EXERCISE DIRECTIONS: Among the entries below, find each line holding "using" and return it.

[Saved entries]

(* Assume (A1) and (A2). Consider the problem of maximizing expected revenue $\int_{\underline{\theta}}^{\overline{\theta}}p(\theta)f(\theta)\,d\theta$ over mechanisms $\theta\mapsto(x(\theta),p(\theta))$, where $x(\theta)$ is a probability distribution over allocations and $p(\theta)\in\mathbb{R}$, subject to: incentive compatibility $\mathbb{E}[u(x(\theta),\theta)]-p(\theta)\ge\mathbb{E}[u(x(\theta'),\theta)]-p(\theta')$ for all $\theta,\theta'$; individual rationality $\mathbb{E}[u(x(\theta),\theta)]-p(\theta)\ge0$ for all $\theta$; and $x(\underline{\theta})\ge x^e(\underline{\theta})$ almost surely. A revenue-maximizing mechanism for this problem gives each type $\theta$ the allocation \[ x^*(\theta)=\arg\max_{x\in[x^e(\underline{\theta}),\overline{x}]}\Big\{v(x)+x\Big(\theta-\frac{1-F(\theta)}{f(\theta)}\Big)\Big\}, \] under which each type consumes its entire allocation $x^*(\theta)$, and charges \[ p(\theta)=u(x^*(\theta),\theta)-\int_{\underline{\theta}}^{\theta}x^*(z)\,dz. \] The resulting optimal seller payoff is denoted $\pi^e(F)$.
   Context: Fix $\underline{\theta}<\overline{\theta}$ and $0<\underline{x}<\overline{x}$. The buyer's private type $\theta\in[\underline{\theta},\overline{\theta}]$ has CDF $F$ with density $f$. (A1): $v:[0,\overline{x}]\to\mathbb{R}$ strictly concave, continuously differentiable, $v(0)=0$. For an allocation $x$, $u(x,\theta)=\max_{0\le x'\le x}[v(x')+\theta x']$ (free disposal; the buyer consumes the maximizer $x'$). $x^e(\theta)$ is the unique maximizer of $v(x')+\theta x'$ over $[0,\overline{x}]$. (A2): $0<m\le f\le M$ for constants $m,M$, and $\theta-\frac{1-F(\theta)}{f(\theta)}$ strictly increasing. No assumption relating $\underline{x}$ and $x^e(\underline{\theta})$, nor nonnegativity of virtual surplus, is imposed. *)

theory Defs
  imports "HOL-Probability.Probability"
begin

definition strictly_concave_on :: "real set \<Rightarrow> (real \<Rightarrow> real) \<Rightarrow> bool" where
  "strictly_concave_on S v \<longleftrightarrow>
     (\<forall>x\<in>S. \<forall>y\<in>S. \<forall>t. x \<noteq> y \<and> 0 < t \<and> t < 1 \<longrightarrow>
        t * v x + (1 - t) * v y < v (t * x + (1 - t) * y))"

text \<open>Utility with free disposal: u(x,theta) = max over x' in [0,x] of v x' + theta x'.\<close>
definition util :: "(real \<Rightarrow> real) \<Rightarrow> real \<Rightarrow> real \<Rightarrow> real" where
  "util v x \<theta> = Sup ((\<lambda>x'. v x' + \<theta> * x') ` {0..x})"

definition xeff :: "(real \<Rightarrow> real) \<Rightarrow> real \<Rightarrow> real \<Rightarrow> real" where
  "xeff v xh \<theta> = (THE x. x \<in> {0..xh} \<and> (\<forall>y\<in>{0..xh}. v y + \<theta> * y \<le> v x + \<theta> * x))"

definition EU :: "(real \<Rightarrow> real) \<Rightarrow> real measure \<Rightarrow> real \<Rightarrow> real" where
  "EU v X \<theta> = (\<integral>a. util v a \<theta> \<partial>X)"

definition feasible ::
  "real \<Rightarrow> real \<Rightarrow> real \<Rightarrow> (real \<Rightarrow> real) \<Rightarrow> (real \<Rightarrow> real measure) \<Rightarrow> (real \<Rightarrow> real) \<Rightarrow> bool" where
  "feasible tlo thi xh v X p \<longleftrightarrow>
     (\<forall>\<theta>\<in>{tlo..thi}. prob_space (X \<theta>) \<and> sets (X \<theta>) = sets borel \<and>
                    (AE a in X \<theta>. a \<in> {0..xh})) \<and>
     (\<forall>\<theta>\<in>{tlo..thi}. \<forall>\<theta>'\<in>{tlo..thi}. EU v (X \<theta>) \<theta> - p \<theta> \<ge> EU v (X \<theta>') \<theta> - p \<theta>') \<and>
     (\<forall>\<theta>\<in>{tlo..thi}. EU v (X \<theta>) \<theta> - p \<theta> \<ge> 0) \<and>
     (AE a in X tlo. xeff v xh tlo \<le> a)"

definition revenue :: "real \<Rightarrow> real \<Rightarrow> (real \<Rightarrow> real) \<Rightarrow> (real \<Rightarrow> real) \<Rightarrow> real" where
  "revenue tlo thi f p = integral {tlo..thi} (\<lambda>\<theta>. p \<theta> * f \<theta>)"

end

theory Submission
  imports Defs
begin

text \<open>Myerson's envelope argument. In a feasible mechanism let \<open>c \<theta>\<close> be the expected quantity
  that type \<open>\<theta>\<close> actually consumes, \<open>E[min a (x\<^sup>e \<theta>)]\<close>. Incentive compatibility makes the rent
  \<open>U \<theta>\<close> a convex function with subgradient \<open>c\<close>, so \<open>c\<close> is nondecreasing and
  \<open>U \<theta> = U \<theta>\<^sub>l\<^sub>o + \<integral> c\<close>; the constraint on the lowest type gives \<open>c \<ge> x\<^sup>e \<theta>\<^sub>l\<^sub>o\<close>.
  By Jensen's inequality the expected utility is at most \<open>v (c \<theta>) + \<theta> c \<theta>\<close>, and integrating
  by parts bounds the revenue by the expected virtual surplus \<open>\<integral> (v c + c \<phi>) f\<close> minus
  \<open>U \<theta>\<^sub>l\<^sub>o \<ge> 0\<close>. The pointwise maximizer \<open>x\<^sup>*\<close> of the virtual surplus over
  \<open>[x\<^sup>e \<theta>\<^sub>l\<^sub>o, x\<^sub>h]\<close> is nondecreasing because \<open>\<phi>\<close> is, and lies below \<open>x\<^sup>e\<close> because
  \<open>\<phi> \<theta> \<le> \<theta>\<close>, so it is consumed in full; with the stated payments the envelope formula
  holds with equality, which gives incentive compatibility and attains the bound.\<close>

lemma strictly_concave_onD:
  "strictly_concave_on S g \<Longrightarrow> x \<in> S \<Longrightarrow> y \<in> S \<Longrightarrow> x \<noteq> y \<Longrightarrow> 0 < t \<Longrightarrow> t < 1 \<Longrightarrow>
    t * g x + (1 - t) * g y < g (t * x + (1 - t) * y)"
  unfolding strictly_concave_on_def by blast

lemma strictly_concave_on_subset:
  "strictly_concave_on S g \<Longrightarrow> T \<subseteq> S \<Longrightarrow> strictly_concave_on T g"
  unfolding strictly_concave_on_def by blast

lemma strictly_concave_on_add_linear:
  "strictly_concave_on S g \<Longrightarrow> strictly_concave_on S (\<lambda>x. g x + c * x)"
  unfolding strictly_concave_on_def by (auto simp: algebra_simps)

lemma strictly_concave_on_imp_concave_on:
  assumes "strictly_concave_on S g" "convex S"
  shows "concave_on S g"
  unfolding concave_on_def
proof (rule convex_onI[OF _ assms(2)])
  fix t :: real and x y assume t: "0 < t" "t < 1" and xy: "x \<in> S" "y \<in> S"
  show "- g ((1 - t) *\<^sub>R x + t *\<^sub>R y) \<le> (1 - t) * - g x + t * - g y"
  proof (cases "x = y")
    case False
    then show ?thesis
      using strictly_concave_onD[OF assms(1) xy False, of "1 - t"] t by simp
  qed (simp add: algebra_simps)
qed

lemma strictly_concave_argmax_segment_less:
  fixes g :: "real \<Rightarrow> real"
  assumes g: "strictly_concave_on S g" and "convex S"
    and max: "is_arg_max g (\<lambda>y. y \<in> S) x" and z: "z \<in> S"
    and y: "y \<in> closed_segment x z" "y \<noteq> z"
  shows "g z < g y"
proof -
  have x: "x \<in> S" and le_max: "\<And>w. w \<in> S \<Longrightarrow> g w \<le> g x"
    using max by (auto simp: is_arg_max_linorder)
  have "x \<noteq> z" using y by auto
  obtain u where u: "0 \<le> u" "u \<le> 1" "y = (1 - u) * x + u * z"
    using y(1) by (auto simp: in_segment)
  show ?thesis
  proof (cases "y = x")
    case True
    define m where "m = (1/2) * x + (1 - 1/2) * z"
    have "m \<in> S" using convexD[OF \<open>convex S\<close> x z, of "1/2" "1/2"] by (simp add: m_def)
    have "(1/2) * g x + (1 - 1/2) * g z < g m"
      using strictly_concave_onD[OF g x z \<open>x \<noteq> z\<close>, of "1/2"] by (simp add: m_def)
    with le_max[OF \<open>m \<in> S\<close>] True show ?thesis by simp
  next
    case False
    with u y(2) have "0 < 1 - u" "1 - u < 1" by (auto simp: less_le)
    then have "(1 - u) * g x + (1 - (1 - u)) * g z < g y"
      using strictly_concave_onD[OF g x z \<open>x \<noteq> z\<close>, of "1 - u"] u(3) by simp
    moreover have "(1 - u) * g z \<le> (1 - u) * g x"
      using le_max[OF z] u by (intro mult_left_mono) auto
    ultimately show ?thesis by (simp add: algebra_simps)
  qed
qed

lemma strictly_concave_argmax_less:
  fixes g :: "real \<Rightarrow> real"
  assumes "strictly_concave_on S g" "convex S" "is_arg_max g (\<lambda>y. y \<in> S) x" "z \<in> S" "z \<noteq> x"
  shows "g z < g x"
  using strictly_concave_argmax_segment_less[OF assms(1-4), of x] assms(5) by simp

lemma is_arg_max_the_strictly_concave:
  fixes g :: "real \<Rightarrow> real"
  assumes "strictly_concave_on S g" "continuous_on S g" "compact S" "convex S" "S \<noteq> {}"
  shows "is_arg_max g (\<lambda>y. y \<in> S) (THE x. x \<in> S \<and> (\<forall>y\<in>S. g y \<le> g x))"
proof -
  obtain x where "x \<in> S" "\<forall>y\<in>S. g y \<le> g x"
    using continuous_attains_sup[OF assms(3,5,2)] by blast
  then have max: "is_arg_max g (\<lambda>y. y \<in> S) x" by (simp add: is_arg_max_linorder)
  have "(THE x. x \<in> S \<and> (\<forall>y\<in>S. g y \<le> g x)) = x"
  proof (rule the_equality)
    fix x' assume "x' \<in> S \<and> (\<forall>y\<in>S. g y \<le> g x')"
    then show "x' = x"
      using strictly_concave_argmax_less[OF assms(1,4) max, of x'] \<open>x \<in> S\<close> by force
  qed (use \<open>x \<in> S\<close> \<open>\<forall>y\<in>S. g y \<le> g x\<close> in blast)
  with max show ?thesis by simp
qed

TASK SOLUTION:
      using strictly_concave_onD[OF assms(1) xy False, of "1 - t"] t by simp
    using max by (auto simp: is_arg_max_linorder)
  have "x \<noteq> z" using y by auto
    using y(1) by (auto simp: in_segment)
    have "m \<in> S" using convexD[OF \<open>convex S\<close> x z, of "1/2" "1/2"] by (simp add: m_def)
      using strictly_concave_onD[OF g x z \<open>x \<noteq> z\<close>, of "1/2"] by (simp add: m_def)
      using strictly_concave_onD[OF g x z \<open>x \<noteq> z\<close>, of "1 - u"] u(3) by simp
      using le_max[OF z] u by (intro mult_left_mono) auto
  using strictly_concave_argmax_segment_less[OF assms(1-4), of x] assms(5) by simp
    using continuous_attains_sup[OF assms(3,5,2)] by blast
      using strictly_concave_argmax_less[OF assms(1,4) max, of x'] \<open>x \<in> S\<close> by force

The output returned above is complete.